Return only the lines of the listing below that run from the line with "maximal left ideal for" through the line with "interpret A: ring A by fact", both ends included, exactly as written.

Supplied information:
────────────────────────────────────────
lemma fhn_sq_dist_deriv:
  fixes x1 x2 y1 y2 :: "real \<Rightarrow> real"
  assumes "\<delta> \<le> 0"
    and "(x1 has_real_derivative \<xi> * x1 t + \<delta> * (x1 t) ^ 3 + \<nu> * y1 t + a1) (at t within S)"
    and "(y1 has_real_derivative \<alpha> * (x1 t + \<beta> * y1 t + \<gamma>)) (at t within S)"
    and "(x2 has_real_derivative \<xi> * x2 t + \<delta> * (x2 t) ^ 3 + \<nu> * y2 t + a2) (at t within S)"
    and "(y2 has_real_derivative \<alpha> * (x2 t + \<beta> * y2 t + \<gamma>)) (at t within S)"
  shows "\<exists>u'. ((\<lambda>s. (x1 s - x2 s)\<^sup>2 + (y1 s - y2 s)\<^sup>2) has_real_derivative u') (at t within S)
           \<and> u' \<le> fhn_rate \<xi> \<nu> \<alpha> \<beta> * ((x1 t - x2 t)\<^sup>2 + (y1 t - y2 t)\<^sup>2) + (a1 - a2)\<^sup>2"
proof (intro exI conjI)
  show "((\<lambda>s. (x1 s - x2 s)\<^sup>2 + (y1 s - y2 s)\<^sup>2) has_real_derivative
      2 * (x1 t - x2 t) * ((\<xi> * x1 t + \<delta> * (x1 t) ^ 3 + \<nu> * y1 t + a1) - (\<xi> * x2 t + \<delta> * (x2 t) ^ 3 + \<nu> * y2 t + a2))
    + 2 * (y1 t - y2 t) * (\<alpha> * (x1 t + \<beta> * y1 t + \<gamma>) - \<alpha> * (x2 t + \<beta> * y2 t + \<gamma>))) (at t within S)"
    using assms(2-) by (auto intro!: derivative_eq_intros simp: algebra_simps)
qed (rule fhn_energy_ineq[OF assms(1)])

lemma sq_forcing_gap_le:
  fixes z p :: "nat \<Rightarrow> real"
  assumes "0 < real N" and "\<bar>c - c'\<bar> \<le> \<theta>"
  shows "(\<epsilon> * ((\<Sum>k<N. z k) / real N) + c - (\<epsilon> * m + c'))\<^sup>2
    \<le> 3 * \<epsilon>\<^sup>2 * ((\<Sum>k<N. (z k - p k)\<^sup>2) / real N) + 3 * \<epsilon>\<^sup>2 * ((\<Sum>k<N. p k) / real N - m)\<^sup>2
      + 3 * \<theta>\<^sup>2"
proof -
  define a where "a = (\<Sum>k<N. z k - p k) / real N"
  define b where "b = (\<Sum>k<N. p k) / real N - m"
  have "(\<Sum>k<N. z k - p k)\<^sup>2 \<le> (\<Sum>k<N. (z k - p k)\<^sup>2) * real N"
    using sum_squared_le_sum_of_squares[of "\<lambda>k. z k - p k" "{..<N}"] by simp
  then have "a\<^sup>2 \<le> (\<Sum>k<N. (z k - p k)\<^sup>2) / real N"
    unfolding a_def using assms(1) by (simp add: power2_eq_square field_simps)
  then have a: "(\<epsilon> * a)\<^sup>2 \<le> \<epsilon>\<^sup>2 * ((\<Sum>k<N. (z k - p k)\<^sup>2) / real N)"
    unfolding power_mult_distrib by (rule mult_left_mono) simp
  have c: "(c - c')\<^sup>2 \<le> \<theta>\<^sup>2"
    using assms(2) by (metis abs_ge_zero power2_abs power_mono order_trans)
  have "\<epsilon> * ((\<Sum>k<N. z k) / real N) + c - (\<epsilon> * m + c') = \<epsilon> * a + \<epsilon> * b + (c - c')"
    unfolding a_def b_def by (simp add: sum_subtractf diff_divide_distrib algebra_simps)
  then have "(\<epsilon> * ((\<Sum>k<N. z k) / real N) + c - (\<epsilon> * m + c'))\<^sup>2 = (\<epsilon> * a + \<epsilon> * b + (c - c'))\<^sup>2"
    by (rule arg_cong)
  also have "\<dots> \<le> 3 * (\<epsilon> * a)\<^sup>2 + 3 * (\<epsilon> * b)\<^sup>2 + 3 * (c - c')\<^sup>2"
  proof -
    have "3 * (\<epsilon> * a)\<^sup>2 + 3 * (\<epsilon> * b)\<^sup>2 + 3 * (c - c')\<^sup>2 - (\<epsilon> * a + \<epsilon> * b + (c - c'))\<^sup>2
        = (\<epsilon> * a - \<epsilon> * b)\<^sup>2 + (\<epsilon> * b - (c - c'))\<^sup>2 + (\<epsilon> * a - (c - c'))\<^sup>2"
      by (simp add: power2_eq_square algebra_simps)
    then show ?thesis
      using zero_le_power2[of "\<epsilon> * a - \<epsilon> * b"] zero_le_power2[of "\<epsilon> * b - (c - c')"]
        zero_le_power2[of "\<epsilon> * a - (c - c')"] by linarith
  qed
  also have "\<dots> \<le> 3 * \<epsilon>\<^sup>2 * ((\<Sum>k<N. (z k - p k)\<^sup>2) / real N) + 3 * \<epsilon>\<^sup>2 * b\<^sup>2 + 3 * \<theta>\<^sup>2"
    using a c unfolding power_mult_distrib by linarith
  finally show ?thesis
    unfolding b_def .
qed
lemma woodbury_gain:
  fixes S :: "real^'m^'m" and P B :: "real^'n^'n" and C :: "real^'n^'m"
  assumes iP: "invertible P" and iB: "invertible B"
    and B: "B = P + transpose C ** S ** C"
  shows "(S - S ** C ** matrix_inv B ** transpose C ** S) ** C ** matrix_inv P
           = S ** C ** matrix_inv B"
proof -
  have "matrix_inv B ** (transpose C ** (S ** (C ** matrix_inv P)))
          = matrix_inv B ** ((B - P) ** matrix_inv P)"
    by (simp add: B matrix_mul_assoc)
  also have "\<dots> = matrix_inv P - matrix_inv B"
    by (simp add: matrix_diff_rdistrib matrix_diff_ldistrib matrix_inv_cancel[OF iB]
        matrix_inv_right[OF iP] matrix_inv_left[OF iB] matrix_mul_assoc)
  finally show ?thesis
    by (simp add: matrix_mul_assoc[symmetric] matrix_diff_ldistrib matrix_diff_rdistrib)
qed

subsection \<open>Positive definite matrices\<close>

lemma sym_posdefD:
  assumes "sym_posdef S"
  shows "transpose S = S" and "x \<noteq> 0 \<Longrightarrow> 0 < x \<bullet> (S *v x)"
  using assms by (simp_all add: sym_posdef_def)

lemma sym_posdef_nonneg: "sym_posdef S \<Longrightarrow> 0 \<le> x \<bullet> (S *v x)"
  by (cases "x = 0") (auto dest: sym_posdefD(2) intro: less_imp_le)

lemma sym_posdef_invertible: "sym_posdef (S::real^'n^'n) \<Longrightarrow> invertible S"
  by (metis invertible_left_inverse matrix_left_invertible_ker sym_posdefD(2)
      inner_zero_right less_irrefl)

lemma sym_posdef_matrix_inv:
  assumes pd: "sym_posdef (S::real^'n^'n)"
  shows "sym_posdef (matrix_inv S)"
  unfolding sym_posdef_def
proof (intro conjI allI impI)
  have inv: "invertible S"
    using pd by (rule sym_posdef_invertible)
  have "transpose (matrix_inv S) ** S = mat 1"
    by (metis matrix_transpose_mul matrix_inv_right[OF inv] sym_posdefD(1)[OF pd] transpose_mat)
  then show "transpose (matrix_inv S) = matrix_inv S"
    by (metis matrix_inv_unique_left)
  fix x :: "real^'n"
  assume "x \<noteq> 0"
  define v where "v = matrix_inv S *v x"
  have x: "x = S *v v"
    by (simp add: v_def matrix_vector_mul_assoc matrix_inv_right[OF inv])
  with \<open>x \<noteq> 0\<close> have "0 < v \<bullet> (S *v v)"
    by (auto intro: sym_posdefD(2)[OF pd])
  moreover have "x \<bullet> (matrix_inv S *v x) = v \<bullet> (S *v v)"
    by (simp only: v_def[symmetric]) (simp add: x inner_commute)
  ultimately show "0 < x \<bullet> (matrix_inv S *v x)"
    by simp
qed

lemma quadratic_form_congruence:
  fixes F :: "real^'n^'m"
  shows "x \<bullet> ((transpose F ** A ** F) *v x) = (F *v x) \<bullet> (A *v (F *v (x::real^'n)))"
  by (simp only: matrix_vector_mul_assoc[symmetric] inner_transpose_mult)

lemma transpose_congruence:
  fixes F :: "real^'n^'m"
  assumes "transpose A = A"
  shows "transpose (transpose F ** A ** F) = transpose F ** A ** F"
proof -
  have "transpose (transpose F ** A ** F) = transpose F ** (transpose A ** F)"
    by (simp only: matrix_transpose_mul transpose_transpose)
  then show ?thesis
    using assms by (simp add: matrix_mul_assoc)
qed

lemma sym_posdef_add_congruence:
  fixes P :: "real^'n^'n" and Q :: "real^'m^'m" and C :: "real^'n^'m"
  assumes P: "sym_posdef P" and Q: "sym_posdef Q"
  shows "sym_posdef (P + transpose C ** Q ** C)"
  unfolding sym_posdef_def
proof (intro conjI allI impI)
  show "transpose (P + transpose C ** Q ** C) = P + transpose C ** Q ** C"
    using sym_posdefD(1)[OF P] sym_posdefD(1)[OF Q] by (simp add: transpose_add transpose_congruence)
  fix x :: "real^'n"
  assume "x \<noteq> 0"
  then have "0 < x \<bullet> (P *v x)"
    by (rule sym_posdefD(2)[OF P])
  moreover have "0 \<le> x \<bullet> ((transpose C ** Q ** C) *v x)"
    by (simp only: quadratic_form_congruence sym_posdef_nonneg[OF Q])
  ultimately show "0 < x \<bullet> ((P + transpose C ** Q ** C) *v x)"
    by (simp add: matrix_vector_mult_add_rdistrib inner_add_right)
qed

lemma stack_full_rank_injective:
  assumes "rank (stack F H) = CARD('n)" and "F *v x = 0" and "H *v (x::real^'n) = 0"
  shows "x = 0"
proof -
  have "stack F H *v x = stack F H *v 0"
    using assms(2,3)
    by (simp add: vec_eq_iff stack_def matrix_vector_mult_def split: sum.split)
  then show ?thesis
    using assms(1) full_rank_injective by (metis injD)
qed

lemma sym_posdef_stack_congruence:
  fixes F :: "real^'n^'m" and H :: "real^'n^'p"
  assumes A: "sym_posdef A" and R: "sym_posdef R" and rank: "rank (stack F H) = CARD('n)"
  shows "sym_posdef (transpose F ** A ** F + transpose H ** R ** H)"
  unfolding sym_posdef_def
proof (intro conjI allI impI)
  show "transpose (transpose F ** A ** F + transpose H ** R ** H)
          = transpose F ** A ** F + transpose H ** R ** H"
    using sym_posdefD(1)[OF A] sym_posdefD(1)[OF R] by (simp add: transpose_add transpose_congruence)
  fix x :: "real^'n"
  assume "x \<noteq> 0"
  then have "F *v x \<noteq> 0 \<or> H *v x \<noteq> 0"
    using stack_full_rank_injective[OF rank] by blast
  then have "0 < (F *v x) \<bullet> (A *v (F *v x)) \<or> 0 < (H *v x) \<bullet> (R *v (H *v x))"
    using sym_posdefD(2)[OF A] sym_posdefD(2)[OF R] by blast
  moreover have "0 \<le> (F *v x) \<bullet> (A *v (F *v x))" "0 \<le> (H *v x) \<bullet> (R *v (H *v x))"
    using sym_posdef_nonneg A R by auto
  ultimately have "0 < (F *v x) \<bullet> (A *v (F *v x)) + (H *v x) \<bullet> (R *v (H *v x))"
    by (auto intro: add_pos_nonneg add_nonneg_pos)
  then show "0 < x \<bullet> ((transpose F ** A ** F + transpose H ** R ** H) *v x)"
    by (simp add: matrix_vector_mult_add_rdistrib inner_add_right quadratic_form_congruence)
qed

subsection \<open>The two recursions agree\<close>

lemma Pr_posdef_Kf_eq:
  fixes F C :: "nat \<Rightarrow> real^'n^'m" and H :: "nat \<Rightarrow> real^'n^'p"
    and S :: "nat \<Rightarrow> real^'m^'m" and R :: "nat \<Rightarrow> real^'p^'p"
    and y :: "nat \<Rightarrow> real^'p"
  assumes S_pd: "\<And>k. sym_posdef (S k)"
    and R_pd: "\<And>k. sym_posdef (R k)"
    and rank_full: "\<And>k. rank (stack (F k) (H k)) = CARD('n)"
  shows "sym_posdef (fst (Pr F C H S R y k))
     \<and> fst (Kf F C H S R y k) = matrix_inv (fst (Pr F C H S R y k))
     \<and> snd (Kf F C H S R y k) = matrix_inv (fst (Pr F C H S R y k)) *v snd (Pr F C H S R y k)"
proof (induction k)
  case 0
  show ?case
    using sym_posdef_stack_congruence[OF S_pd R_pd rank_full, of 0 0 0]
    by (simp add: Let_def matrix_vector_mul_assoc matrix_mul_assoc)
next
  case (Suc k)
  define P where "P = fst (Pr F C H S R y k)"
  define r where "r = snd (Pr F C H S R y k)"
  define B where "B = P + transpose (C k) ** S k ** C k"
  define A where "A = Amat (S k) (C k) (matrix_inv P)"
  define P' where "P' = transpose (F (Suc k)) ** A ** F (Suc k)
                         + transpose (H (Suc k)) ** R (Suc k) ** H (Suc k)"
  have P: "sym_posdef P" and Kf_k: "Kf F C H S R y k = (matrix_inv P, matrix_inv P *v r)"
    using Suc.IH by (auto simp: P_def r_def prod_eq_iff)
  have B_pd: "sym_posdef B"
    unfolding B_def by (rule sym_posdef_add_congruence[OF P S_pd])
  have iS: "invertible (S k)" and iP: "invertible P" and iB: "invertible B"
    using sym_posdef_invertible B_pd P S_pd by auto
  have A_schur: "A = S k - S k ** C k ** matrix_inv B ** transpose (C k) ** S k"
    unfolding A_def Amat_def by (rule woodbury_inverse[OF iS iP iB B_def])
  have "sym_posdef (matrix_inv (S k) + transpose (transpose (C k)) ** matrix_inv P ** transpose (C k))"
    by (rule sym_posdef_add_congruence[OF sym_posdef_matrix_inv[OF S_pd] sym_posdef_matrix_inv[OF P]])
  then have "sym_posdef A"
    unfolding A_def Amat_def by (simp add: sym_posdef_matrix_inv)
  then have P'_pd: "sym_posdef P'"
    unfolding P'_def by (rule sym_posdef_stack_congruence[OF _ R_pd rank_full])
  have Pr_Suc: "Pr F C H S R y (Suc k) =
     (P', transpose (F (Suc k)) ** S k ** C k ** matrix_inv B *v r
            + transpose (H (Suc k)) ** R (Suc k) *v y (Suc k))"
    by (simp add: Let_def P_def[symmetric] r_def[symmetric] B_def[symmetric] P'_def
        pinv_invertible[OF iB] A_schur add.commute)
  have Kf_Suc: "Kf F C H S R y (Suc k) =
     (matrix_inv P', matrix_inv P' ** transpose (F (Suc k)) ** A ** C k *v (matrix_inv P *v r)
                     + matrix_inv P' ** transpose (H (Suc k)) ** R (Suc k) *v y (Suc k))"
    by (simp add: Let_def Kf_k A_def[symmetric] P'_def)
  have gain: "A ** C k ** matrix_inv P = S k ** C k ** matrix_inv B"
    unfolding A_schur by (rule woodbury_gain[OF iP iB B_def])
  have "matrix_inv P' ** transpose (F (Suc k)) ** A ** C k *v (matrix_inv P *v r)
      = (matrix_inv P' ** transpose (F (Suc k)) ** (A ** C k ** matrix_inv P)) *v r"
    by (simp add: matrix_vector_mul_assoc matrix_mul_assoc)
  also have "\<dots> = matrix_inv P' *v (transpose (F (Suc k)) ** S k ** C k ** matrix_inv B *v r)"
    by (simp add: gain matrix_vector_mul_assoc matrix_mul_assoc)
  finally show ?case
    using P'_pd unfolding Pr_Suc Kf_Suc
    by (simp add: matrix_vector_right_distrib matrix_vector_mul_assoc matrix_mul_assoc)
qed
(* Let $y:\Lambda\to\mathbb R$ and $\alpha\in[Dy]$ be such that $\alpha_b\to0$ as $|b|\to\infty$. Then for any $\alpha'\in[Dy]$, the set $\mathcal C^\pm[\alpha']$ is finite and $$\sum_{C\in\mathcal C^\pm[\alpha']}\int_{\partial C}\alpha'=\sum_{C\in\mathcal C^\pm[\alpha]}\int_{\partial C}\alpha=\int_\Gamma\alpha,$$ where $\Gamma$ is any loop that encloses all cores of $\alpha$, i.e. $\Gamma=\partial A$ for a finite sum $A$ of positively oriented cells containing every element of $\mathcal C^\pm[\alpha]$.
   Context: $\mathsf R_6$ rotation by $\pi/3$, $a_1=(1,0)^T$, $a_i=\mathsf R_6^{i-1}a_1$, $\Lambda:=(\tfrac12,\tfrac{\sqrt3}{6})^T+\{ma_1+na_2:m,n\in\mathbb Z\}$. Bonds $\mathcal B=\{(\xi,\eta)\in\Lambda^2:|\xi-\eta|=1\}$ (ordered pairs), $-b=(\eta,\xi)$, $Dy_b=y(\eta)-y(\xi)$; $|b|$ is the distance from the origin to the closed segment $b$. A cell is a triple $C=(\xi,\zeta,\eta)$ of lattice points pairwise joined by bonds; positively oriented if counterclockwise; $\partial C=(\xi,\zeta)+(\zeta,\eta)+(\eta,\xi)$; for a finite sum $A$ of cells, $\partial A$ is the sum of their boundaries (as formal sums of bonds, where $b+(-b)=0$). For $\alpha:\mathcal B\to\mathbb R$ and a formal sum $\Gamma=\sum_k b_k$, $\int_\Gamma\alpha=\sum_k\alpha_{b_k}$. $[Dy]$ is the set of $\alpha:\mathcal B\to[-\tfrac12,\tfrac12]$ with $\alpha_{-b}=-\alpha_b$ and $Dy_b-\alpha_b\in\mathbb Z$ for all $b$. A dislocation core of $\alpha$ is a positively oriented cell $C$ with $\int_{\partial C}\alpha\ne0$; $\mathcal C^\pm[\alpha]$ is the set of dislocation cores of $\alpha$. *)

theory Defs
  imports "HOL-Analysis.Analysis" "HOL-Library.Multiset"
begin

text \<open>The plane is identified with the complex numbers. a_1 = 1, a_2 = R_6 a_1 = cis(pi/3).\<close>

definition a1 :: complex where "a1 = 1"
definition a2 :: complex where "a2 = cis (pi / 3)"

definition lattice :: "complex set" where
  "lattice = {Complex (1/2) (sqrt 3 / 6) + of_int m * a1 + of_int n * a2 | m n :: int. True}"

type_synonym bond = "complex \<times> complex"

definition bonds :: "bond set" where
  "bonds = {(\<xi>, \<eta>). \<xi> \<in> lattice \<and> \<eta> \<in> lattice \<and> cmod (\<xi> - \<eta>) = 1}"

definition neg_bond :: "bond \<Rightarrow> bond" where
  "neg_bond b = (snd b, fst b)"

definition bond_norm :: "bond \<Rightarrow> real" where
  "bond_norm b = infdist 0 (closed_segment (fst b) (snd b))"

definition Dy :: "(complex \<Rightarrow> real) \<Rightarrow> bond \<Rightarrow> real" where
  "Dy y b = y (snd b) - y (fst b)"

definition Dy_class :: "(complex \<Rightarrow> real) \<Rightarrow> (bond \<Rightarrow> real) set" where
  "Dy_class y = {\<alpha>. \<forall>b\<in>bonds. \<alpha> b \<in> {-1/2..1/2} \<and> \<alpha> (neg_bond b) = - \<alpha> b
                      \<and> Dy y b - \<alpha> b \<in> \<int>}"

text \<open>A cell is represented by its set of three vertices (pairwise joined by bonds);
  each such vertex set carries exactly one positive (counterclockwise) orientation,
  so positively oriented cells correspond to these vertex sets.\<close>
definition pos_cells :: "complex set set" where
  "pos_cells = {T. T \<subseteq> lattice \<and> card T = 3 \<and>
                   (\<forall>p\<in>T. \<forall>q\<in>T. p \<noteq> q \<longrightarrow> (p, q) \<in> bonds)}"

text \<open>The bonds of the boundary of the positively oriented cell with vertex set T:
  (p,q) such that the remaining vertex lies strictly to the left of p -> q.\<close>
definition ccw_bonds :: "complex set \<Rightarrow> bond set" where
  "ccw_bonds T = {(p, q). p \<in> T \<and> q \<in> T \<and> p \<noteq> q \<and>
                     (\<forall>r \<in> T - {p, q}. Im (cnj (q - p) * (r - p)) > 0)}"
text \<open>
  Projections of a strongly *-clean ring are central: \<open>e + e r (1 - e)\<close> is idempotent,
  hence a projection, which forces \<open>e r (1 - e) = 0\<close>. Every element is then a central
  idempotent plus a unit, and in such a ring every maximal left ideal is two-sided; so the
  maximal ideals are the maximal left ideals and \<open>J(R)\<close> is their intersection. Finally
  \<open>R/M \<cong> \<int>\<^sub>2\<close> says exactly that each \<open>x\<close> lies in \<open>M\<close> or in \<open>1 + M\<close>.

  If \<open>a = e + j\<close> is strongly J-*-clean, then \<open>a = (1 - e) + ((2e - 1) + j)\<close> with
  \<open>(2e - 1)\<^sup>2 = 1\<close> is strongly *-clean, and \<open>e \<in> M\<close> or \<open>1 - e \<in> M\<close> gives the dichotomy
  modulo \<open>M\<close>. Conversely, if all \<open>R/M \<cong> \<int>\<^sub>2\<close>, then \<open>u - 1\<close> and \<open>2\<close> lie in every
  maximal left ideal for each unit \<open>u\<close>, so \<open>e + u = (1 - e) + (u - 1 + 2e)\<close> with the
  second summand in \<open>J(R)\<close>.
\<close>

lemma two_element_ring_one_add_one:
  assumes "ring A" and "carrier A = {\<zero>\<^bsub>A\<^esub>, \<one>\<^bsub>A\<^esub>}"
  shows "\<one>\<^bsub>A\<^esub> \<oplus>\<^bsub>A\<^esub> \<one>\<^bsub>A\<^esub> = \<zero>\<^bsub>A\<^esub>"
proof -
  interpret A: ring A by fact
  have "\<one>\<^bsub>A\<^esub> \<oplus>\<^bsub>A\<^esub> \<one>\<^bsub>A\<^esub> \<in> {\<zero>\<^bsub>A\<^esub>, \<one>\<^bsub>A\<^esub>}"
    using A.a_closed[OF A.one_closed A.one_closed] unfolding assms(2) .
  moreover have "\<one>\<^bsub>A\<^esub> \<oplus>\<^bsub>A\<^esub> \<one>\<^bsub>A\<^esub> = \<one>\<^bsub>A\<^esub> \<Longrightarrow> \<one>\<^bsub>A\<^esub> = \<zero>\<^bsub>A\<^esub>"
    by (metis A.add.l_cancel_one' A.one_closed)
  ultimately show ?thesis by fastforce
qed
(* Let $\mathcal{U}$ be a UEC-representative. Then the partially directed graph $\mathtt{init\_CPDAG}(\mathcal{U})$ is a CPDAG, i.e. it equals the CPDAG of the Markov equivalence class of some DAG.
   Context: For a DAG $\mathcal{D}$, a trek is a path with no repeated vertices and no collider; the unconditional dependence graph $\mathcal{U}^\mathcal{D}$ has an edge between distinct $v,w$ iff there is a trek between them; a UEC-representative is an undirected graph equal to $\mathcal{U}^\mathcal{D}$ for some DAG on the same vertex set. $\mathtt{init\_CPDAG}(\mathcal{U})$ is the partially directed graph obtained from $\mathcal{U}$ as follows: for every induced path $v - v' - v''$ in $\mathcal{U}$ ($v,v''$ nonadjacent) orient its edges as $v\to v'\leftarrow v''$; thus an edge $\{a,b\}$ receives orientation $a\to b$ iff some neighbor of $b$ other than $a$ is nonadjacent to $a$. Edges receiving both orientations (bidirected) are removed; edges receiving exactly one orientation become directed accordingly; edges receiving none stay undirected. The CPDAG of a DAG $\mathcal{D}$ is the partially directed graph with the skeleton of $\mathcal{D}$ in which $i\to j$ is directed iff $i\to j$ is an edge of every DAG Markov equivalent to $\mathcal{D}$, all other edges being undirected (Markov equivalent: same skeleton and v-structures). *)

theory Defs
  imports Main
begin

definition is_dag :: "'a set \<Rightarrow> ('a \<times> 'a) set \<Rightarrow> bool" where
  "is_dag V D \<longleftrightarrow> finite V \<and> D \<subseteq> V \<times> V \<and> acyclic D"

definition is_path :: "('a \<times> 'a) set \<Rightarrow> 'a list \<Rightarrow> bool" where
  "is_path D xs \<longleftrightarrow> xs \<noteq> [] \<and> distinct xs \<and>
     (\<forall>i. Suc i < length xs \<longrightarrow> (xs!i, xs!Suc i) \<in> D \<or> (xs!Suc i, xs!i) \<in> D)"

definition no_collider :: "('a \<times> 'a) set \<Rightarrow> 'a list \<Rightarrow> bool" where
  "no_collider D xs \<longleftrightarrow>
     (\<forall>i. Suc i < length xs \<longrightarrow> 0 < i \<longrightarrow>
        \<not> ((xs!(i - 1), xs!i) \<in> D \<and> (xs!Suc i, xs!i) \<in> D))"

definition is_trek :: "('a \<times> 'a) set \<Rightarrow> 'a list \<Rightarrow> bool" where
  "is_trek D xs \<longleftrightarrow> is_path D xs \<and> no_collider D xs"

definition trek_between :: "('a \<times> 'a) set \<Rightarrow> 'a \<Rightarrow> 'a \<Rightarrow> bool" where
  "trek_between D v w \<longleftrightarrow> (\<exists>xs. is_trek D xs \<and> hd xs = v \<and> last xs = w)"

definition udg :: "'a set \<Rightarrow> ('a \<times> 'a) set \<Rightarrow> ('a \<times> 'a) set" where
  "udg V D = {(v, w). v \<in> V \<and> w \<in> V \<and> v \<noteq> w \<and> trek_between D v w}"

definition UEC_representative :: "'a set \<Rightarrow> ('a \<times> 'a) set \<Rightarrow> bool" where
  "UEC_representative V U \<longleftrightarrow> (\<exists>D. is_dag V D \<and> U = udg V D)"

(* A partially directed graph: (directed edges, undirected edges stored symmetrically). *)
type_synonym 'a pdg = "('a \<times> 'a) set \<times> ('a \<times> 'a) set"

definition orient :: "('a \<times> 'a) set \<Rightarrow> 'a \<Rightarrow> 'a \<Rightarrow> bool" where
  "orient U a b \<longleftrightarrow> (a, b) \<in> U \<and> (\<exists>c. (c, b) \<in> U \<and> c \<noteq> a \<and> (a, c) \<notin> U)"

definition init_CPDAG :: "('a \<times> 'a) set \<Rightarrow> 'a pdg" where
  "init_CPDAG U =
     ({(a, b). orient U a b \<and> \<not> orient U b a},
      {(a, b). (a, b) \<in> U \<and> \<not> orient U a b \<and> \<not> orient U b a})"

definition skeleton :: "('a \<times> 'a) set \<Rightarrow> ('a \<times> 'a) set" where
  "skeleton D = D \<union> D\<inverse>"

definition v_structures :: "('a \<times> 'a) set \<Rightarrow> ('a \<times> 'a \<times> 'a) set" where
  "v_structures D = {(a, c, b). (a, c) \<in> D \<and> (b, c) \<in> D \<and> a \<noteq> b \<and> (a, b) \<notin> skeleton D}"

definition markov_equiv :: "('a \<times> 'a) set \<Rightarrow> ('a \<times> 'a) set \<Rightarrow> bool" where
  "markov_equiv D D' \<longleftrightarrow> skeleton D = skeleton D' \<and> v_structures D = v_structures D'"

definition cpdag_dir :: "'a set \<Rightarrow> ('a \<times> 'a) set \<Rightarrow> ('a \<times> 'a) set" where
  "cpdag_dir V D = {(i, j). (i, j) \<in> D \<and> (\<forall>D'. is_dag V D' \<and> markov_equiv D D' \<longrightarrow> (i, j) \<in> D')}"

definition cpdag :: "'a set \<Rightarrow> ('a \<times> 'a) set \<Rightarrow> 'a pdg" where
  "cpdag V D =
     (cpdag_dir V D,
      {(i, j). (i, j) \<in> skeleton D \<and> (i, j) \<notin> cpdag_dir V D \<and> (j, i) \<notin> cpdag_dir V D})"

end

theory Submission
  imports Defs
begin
────────────────────────────────────────
Your response:
  maximal left ideal for each unit \<open>u\<close>, so \<open>e + u = (1 - e) + (u - 1 + 2e)\<close> with the
  second summand in \<open>J(R)\<close>.
\<close>

lemma two_element_ring_one_add_one:
  assumes "ring A" and "carrier A = {\<zero>\<^bsub>A\<^esub>, \<one>\<^bsub>A\<^esub>}"
  shows "\<one>\<^bsub>A\<^esub> \<oplus>\<^bsub>A\<^esub> \<one>\<^bsub>A\<^esub> = \<zero>\<^bsub>A\<^esub>"
proof -
  interpret A: ring A by fact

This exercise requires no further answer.